(GIVEN ENTRIES Opens)

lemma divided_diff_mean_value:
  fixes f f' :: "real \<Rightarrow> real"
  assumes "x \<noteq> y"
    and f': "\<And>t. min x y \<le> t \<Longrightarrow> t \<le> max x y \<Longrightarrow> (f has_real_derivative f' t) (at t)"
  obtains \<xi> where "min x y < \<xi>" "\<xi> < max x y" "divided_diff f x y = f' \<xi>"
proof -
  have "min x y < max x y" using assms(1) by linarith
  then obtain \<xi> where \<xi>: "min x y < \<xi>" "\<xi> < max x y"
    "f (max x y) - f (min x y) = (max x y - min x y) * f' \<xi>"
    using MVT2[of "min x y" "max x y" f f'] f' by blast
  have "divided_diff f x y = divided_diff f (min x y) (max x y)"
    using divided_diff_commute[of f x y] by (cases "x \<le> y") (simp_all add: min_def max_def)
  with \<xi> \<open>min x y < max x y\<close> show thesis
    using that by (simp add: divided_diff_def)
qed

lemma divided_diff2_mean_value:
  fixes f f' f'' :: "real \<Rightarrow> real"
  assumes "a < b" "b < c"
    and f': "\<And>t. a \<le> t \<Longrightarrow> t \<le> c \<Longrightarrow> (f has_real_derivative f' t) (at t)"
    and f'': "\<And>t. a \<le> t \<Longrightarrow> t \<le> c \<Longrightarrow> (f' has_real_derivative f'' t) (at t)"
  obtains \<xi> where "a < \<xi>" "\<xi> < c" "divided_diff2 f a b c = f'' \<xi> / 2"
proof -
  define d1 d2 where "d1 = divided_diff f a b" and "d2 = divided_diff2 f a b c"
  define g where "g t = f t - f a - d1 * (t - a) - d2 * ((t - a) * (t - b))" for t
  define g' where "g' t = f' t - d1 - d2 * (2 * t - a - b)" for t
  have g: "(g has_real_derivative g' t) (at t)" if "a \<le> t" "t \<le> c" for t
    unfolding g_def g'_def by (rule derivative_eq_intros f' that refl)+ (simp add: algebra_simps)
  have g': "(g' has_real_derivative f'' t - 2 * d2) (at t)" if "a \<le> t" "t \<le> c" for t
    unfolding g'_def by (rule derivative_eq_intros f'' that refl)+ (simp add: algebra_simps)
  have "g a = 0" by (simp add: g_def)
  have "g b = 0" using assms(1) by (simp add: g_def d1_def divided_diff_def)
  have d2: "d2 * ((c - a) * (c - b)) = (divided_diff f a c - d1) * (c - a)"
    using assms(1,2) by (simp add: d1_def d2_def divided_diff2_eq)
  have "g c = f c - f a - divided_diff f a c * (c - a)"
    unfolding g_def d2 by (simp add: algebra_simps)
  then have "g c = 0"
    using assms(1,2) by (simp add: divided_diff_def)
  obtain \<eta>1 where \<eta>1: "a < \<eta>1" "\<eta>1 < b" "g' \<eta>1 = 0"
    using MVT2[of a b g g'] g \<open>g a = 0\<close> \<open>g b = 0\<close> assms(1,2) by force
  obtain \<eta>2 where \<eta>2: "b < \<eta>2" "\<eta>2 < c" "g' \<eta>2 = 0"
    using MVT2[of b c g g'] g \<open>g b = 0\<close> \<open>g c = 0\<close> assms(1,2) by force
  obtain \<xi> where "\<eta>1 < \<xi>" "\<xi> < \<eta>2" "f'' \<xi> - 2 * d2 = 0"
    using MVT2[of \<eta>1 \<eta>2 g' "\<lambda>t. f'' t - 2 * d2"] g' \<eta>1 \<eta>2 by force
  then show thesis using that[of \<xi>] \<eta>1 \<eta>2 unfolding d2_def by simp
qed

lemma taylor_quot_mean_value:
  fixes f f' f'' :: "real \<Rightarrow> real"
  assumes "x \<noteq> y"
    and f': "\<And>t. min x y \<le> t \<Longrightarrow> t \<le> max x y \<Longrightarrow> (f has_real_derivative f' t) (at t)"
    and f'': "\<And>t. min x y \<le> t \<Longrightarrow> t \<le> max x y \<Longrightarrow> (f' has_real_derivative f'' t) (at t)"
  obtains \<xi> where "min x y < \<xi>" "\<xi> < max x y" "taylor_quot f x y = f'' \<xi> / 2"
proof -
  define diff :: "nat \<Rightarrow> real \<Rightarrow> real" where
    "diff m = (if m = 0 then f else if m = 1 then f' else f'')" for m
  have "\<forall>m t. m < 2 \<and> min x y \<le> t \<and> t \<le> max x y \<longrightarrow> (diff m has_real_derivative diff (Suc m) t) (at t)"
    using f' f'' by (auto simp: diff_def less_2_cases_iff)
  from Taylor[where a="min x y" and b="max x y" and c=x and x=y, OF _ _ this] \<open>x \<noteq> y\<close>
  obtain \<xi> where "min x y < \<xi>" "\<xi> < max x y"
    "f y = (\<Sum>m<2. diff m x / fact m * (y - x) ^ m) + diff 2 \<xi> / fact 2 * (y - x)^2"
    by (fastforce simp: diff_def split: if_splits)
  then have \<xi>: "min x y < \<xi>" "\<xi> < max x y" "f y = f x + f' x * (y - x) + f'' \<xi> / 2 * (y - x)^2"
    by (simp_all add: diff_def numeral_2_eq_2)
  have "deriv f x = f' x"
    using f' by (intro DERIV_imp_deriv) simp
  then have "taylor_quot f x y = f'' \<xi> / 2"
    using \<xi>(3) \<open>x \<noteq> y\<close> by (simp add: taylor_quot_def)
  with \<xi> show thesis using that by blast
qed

(GIVEN ENTRIES Closes)

» ASSIGNMENT
Pull out all lines from the entries above in which the word "refl" appears.

» ANSWER TO THIS TASK
    unfolding g_def g'_def by (rule derivative_eq_intros f' that refl)+ (simp add: algebra_simps)
    unfolding g'_def by (rule derivative_eq_intros f'' that refl)+ (simp add: algebra_simps)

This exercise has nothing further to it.